Sawyer Forwards Charge of Tea Party Hypocrisy as Couric Frets: 'Is There Danger' Budget Cuts 'Will Be Too Deep?'
ABC's Diane Sawyer hit a group of incoming freshmen House and Senate members about presumed Tea Party hypocrisy in accepting farm subsidies and not refusing to accept federal employee health care while CBS's Katie Couric, with three House members, despaired over the "danger" that budget cuts might "be too deep?" Forwarding liberal talking points, in the pre-recorded segment aired on Wednesday's World News, Sawyer relayed:
The Democrats have a challenge for the Republicans, saying, if you're going to cut spending, go ahead and start close to home. Congresswoman Vicky Hartzler of Missouri got more than $750,000 in taxpayer subsidies for her farm. Are you ready to vote against all farm subsidies?
Sawyer continued: "And on the promise to repeal health care reform,
Democrats ask: Will they be giving up their new taxpayer-subsidized
insurance? Only two of them said they would."
On the CBS Evening News, Couric noted "Republicans say high on their
priority list is deficit reduction, starting with major cuts in domestic
spending this year. Fiscally conservative freshmen say everything's
fair game." She then fretted: "But is there danger in your view,
Congressman West, that the ax will be too sharp, that the cuts will be
too deep?"
(Meanwhile, NBC's Kelly O'Donnell found it relevant to point out: "For
the first time in 64 years, no member of the Kennedy family holds a
federal office.")
From the Wednesday, January 5 ABC World News, transcript provided by the MRC's Brad Wilmouth:
DIANE SAWYER: But the Democrats have a challenge for the Republicans, saying, if you're going to cut spending, go ahead and start close to home. Congresswoman Vicky Hartzler of Missouri got more than $750,000 in taxpayer subsidies for her farm. Are you ready to vote against all farm subsidies? That's $20 billion by one estimate, at least.
REP. VICKY HARTZLER (R-MO): Well, I think everything should be on the table. And, yes, there's a lot of us farmers that have participated in the program.
SAWYER: Congressman Stutzman of Indiana got more than $100,000.
REP. MARLIN STUTZMAN (R-IN): Yes, I would vote to eliminate farm subsidies. It manipulates the market. And that's the problem here in Washington. The adult conversation, I think, has to be no.
SAWYER: Agree?
HARTZLER: I'm ready to start the discussion and look at it.
SAWYER: Not a yes yet?
HARTZLER: I think we need to make sure everything is looked at before we just pick on the farmers.
SAWYER: And on the promise to repeal health care reform, Democrats ask: Will they be giving up their new taxpayer-subsidized insurance? Only two of them said they would.
REP. PAUL GOSAR (R-AZ): First of all, Congress should not be exempt from rules they pass, and that's exactly what happened here.
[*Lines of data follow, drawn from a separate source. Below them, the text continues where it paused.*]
(* Let $f\in\mathcal{F}_k$. For any $u\in\mathbb{R}^k$, we have $L^f(\boxed{u},y)\le L^f(u,y)$ for all $y\in\mathcal{Y}$.
   Context: $[k]=\{1,\dots,k\}$, $\mathcal{Y}=\{-1,1\}^k$; $u\odot u'$ entrywise product, $|u|$ entrywise absolute value, $\mathbbm{1}$ all-ones, $(x)_+$ entrywise positive part; $\boxed{u}=\mathrm{sign}(u)\odot\min(|u|,\mathbbm{1})$ (clipping to $[-1,1]^k$). $\mathcal{F}_k$: set functions $f:2^{[k]}\to\mathbb{R}$ that are submodular, increasing ($f(S\cup T)\ge f(S)$ for disjoint $S,T$) and normalized. Lovász extension $F(x)=\max_\pi\sum_{i=1}^kx_{\pi_i}(f(\{\pi_1,..,\pi_i\})-f(\{\pi_1,..,\pi_{i-1}\}))$ for $x\in\mathbb{R}^k_+$; Lovász hinge $L^f(u,y)=F((\mathbbm{1}-u\odot y)_+)$. *)

theory Defs
  imports "HOL-Analysis.Analysis" "HOL-Combinatorics.Permutations"
begin

text \<open>Ground set [k] = {1..k}; vectors in R^k are functions nat => real,
  only the coordinates in {1..k} matter.\<close>

definition submodular_on :: "nat \<Rightarrow> (nat set \<Rightarrow> real) \<Rightarrow> bool" where
  "submodular_on k f \<longleftrightarrow> (\<forall>S T. S \<subseteq> {1..k} \<longrightarrow> T \<subseteq> {1..k} \<longrightarrow>
      f (S \<union> T) + f (S \<inter> T) \<le> f S + f T)"

definition increasing_on :: "nat \<Rightarrow> (nat set \<Rightarrow> real) \<Rightarrow> bool" where
  "increasing_on k f \<longleftrightarrow> (\<forall>S T. S \<subseteq> {1..k} \<longrightarrow> T \<subseteq> {1..k} \<longrightarrow> S \<inter> T = {} \<longrightarrow>
      f S \<le> f (S \<union> T))"

definition normalized :: "(nat set \<Rightarrow> real) \<Rightarrow> bool" where
  "normalized f \<longleftrightarrow> f {} = 0"

definition F_class :: "nat \<Rightarrow> (nat set \<Rightarrow> real) set" where
  "F_class k = {f. submodular_on k f \<and> increasing_on k f \<and> normalized f}"

definition lovasz_ext :: "nat \<Rightarrow> (nat set \<Rightarrow> real) \<Rightarrow> (nat \<Rightarrow> real) \<Rightarrow> real" where
  "lovasz_ext k f x = Max ((\<lambda>p. \<Sum>i=1..k. x (p i) * (f (p ` {1..i}) - f (p ` {1..i-1})))
        ` {p. p permutes {1..k}})"

definition pos_part :: "(nat \<Rightarrow> real) \<Rightarrow> (nat \<Rightarrow> real)" where
  "pos_part x = (\<lambda>i. max (x i) 0)"

definition lovasz_hinge :: "nat \<Rightarrow> (nat set \<Rightarrow> real) \<Rightarrow> (nat \<Rightarrow> real) \<Rightarrow> (nat \<Rightarrow> real) \<Rightarrow> real" where
  "lovasz_hinge k f u y = lovasz_ext k f (pos_part (\<lambda>i. 1 - u i * y i))"

definition clip :: "(nat \<Rightarrow> real) \<Rightarrow> (nat \<Rightarrow> real)" where
  "clip u = (\<lambda>i. sgn (u i) * min \<bar>u i\<bar> 1)"

end

theory Submission
  imports Defs
begin

text \<open>For an increasing f every marginal gain in the Lovasz extension is nonnegative, so the
  extension is monotone in its argument. With y = \<plusminus>1, clipping leaves the margin u y unchanged
  when |u| \<le> 1 and otherwise replaces it by the sign of u y, which never increases max (1 - u y) 0.\<close>

definition lovasz_sum :: "nat \<Rightarrow> (nat set \<Rightarrow> real) \<Rightarrow> (nat \<Rightarrow> real) \<Rightarrow> (nat \<Rightarrow> nat) \<Rightarrow> real" where
  "lovasz_sum k f x p = (\<Sum>i=1..k. x (p i) * (f (p ` {1..i}) - f (p ` {1..i-1})))"

lemma lovasz_ext_eq_Max_lovasz_sum:
  "lovasz_ext k f x = Max (lovasz_sum k f x ` {p. p permutes {1..k}})"
  unfolding lovasz_ext_def lovasz_sum_def ..

lemma finite_lovasz_sums: "finite (lovasz_sum k f x ` {p. p permutes {1..k}})"
  by (simp add: finite_permutations)

lemma lovasz_sum_le_lovasz_ext:
  "p permutes {1..k} \<Longrightarrow> lovasz_sum k f x p \<le> lovasz_ext k f x"
  unfolding lovasz_ext_eq_Max_lovasz_sum by (rule Max_ge[OF finite_lovasz_sums]) blast

lemma lovasz_ext_attained:
  obtains p where "p permutes {1..k}" "lovasz_ext k f x = lovasz_sum k f x p"
proof -
  have "lovasz_ext k f x \<in> lovasz_sum k f x ` {p. p permutes {1..k}}"
    unfolding lovasz_ext_eq_Max_lovasz_sum
    using finite_lovasz_sums permutes_id by (intro Max_in) blast+
  then show ?thesis using that by blast
qed

lemma increasing_on_mono:
  assumes "increasing_on k f" "S \<subseteq> T" "T \<subseteq> {1..k}"
  shows "f S \<le> f T"
proof -
  have "f S \<le> f (S \<union> (T - S))"
    using assms unfolding increasing_on_def by (metis Diff_disjoint Diff_subset order_trans)
  then show ?thesis using \<open>S \<subseteq> T\<close> by (simp add: Un_absorb1)
qed

lemma lovasz_gain_nonneg:
  assumes "increasing_on k f" "p permutes {1..k}" "i \<le> k"
  shows "f (p ` {1..i-1}) \<le> f (p ` {1..i})"
proof (rule increasing_on_mono[OF assms(1)])
  show "p ` {1..i-1} \<subseteq> p ` {1..i}" by (intro image_mono) auto
  have "p ` {1..i} \<subseteq> p ` {1..k}" using \<open>i \<le> k\<close> by (intro image_mono) auto
  then show "p ` {1..i} \<subseteq> {1..k}" using permutes_image[OF assms(2)] by simp
qed

lemma lovasz_sum_mono:
  assumes "increasing_on k f" "p permutes {1..k}" "\<And>i. i \<in> {1..k} \<Longrightarrow> x i \<le> x' i"
  shows "lovasz_sum k f x p \<le> lovasz_sum k f x' p"
  unfolding lovasz_sum_def
proof (rule sum_mono, rule mult_right_mono)
  fix i assume i: "i \<in> {1..k}"
  then show "x (p i) \<le> x' (p i)" using assms(3) permutes_in_image[OF assms(2)] by blast
  show "0 \<le> f (p ` {1..i}) - f (p ` {1..i-1})"
    using lovasz_gain_nonneg[OF assms(1,2)] i by simp
qed

lemma lovasz_ext_mono:
  assumes "increasing_on k f" "\<And>i. i \<in> {1..k} \<Longrightarrow> x i \<le> x' i"
  shows "lovasz_ext k f x \<le> lovasz_ext k f x'"
proof -
  obtain p where p: "p permutes {1..k}" and attained: "lovasz_ext k f x = lovasz_sum k f x p"
    by (rule lovasz_ext_attained)
  note attained
  also have "\<dots> \<le> lovasz_sum k f x' p" using lovasz_sum_mono[OF assms(1) p assms(2)] .
  also have "\<dots> \<le> lovasz_ext k f x'" using p by (rule lovasz_sum_le_lovasz_ext)
  finally show ?thesis .
qed

lemma hinge_clip_le:
  fixes u y :: real
  assumes "\<bar>y\<bar> = 1"
  shows "max (1 - sgn u * min \<bar>u\<bar> 1 * y) 0 \<le> max (1 - u * y) 0"
proof (cases "\<bar>u\<bar> \<le> 1")
  case True
  then show ?thesis by (simp add: sgn_mult_abs min_absorb1)
next
  case False
  define s where "s = sgn u * y"
  have margin: "u * y = \<bar>u\<bar> * s"
    unfolding s_def by (metis abs_mult_sgn mult.assoc)
  have "\<bar>s\<bar> = 1"
    using assms False unfolding s_def by (simp add: abs_mult abs_sgn_eq)
  then have "s = 1 \<or> s = -1" by arith
  have clipped_margin: "sgn u * min \<bar>u\<bar> 1 * y = s"
    using False unfolding s_def by simp
  have "max (1 - s) 0 \<le> max (1 - \<bar>u\<bar> * s) 0"
    using \<open>s = 1 \<or> s = -1\<close> False by auto
  then show ?thesis unfolding clipped_margin margin .
qed

theorem lemma2:
  fixes k :: nat and f :: "nat set \<Rightarrow> real" and u y :: "nat \<Rightarrow> real"
  assumes "f \<in> F_class k"
    and "\<forall>i\<in>{1..k}. y i \<in> {-1, 1}"
  shows "lovasz_hinge k f (clip u) y \<le> lovasz_hinge k f u y"
  unfolding lovasz_hinge_def
proof (rule lovasz_ext_mono)
  show "increasing_on k f" using assms(1) by (simp add: F_class_def)
  fix i assume "i \<in> {1..k}"
  then have "\<bar>y i\<bar> = 1" using assms(2) by force
  then show "pos_part (\<lambda>i. 1 - clip u i * y i) i \<le> pos_part (\<lambda>i. 1 - u i * y i) i"
    unfolding pos_part_def clip_def by (rule hinge_clip_le)
qed

end
text \<open>Write \<open>S m = m i + q \<alpha> + qj \<beta>\<close>; then \<open>S\<^sup>2 m = -m + 2 q \<alpha> i\<close> forces \<open>\<alpha> = 0\<close>, and
  \<open>m - qj \<beta> i/2\<close> is an \<open>i\<close>-eigenvector.\<close>
lemma adapted_imp_twlift_pencil:
  assumes "adapted S"
  shows "\<exists>x\<in>pencil. twlift S x"
proof -
  have S: "cstruct S" and Sq: "S *v q = \<i> *s q" and "S *v m - \<i> *s m \<in> hline q"
    using assms hline_q unfolding adapted_def by auto
  then obtain \<alpha> \<beta> where Sm: "S *v m = \<i> *s m + \<alpha> *s q + \<beta> *s Jm q"
    unfolding hline_iff by (metis add.assoc diff_add_cancel add.commute)
  have SJq: "S *v Jm q = (- \<i>) *s Jm q" by (rule cstruct_eigen_Jm[OF S Sq])
  have "- m = S *v (S *v m)" using cstruct_square[OF S] by simp
  also have "\<dots> = - m + (2 * \<i> * \<alpha>) *s q"
    unfolding Sm using Sm Sq SJq by (simp add: vec_eq_iff algebra_simps)
  finally have "\<alpha> = 0" using q_nonzero by simp
  define u where "u = (- \<i> * \<beta> / 2) *s Jm q + 1 *s m"
  have "S *v u = \<i> *s u"
    unfolding u_def using Sm SJq \<open>\<alpha> = 0\<close> by (simp add: vec_eq_iff algebra_simps)
  moreover have "indep2 q u" unfolding u_def by (rule indep2_pencil_line) simp
  ultimately have "twlift S (pt (wedge q u))" using twlift_iff_eigenvectors[OF S] Sq by blast
  moreover have "pt (wedge q u) \<in> pencil"
    unfolding mem_pencil u_def by (intro exI[of _ "- \<i> * \<beta> / 2"] exI[of _ 1]) simp
  ultimately show ?thesis by blast
qed

lemma twlift_of_nonreal_point:
  assumes x: "x \<in> pencil" and nonreal: "x \<noteq> pt (wedge p (Jm p))"
  shows "\<exists>S. cstruct S \<and> twlift S x"
proof -
  obtain s t where st: "s \<noteq> 0 \<or> t \<noteq> 0" and x: "x = pt (wedge q (s *s Jm q + t *s m))"
    using x mem_pencil by blast
  have t: "t \<noteq> 0" using st nonreal pencil_point_real unfolding x by auto
  obtain S where "cstruct S" "S *v q = \<i> *s q" "S *v (s *s Jm q + t *s m) = \<i> *s (s *s Jm q + t *s m)"
    using exists_cstruct_with_eigenvectors[OF indep4_pencil_line[OF t]] by blast
  then show ?thesis using twlift_iff_eigenvectors indep2_pencil_line[OF st] unfolding x by blast
qed
text \<open>
  A point of X lies on Z_i exactly when a representative has a vanishing coordinate x_j
  with x_j dividing z_i. Since z_0 ... z_n = x_1 ... x_r, the z_i have disjoint supports,
  so a point lying on every Z_i, i = 1..n, has at least n vanishing coordinates. These
  index a cone of the fan (that is what removing Z(Sigma) from C^r ensures), and a
  simplicial cone has at most n rays; so the cone has exactly n rays and is maximal.

  Conversely every maximal cone sigma is n-dimensional: the finitely many closed cones not
  containing v = sum of the generators of sigma keep away from a ball around v, so by
  completeness a point v + e w with w outside the span of sigma lies in a cone containing v.
  That cone contains sigma, hence equals it, which puts w in the span of sigma.

  Finally O_sigma is a single point for maximal sigma: the generators of sigma are a basis,
  so for two points with zero set sigma the required element of G can be written as exp
  of a vector nu, with nu = log (y/x) off sigma and nu on sigma solved for linearly.
\<close>

lemma convex_cone_hull_finite_image:
  fixes g :: "'i \<Rightarrow> 'a::real_vector"
  assumes "finite \<sigma>"
  shows "convex_cone hull (g ` \<sigma>) = {v. \<exists>c. (\<forall>j\<in>\<sigma>. 0 \<le> c j) \<and> v = (\<Sum>j\<in>\<sigma>. c j *\<^sub>R g j)}"
    (is "_ = ?C")
proof
  have "(\<Sum>j\<in>A. c j *\<^sub>R g j) \<in> convex_cone hull (g ` \<sigma>)"
    if "finite A" "A \<subseteq> \<sigma>" "\<forall>j\<in>A. 0 \<le> c j" for A c
    using that
  proof (induction A rule: finite_induct)
    case empty
    then show ?case by (simp add: convex_cone_hull_contains_0)
  next
    case (insert j A)
    then show ?case by (simp add: convex_cone_hull_add convex_cone_hull_mul hull_inc)
  qed
  then show "?C \<subseteq> convex_cone hull (g ` \<sigma>)" using assms by blast
next
  show "convex_cone hull (g ` \<sigma>) \<subseteq> ?C"
  proof (rule hull_minimal)
    show "g ` \<sigma> \<subseteq> ?C"
    proof (rule image_subsetI)
      fix i assume "i \<in> \<sigma>"
      have "(\<Sum>j\<in>\<sigma>. (if j = i then 1 else 0) *\<^sub>R g j) = (\<Sum>j\<in>\<sigma>. if j = i then g j else 0)"
        by (rule sum.cong) auto
      also have "\<dots> = g i"
        using assms \<open>i \<in> \<sigma>\<close> by simp
      finally show "g i \<in> ?C"
        by (intro CollectI exI[of _ "\<lambda>j. if j = i then 1 else 0"] conjI) simp_all
    qed
    have zero: "0 \<in> ?C"
      by (intro CollectI exI[of _ "\<lambda>_. 0"] conjI) simp_all
    have add: "x + y \<in> ?C" if "x \<in> ?C" "y \<in> ?C" for x y
    proof -
      from that(1) obtain c where "\<forall>j\<in>\<sigma>. 0 \<le> c j" "x = (\<Sum>j\<in>\<sigma>. c j *\<^sub>R g j)"
        by blast
      moreover from that(2) obtain d where "\<forall>j\<in>\<sigma>. 0 \<le> d j" "y = (\<Sum>j\<in>\<sigma>. d j *\<^sub>R g j)"
        by blast
      ultimately have h: "(\<forall>j\<in>\<sigma>. 0 \<le> c j + d j) \<and> x + y = (\<Sum>j\<in>\<sigma>. (c j + d j) *\<^sub>R g j)"
        by (simp add: scaleR_add_left sum.distrib)
      show ?thesis
        unfolding mem_Collect_eq by (rule exI[of _ "\<lambda>j. c j + d j"], rule h)
    qed
    have mul: "a *\<^sub>R x \<in> ?C" if "x \<in> ?C" "0 \<le> a" for x a
    proof -
      from that(1) obtain c where "\<forall>j\<in>\<sigma>. 0 \<le> c j" "x = (\<Sum>j\<in>\<sigma>. c j *\<^sub>R g j)"
        by blast
      then have h: "(\<forall>j\<in>\<sigma>. 0 \<le> a * c j) \<and> a *\<^sub>R x = (\<Sum>j\<in>\<sigma>. (a * c j) *\<^sub>R g j)"
        using that(2) by (simp add: scaleR_sum_right)
      show ?thesis
        unfolding mem_Collect_eq by (rule exI[of _ "\<lambda>j. a * c j"], rule h)
    qed
    show "convex_cone ?C"
      unfolding convex_cone_iff by (intro conjI ballI allI impI zero add mul)
  qed
qed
In fact, I ask everybody to denounce that because we shouldn't be taking that, unlike anybody else in regular everyday America.
UNIDENTIFIED MALE CONGRESSMAN: I'm not taking the health insurance, either.
SAWYER: The rest of you who are now renouncing it, how do you answer this?
SENATOR MIKE LEE (R-UT): There's a big difference between receiving health insurance through one's employer on the other hand, and, on the other hand, establishing a national regulatory program that tells people where to go to the doctor and how to pay for it.
SAWYER: But the taxpayer doesn't have an option but to support it.
LEE: Look-
SAWYER: The taxpayer doesn't have a choice.
LEE: Health care regulation is fundamentally a creature of state law. This is a state issue.
SAWYER: We'll let you know later what each of them decides...
From the CBS Evening News:
KATIE COURIC: ...Republicans say high on their priority list is deficit reduction, starting with major cuts in domestic spending this year. Fiscally conservative freshmen say everything's fair game.
U.S. REPRESENTATIVE ROBERT DOLD (R-IL): Let's take a look at the Department of Defense so that we send a signal to those on the other side of the aisle that everything has to be at table.
COURIC: But is there danger in your view, Congressman West, that the ax will be too sharp, that the cuts will be too deep?
CONGRESSMAN ALLEN WEST (R-FL): I think if there's an opportunity for us to finally have that honest conversation with the American people and make some of the hard decisions, the hard choices, it's right now because the people understand the dire economic situation that we're in.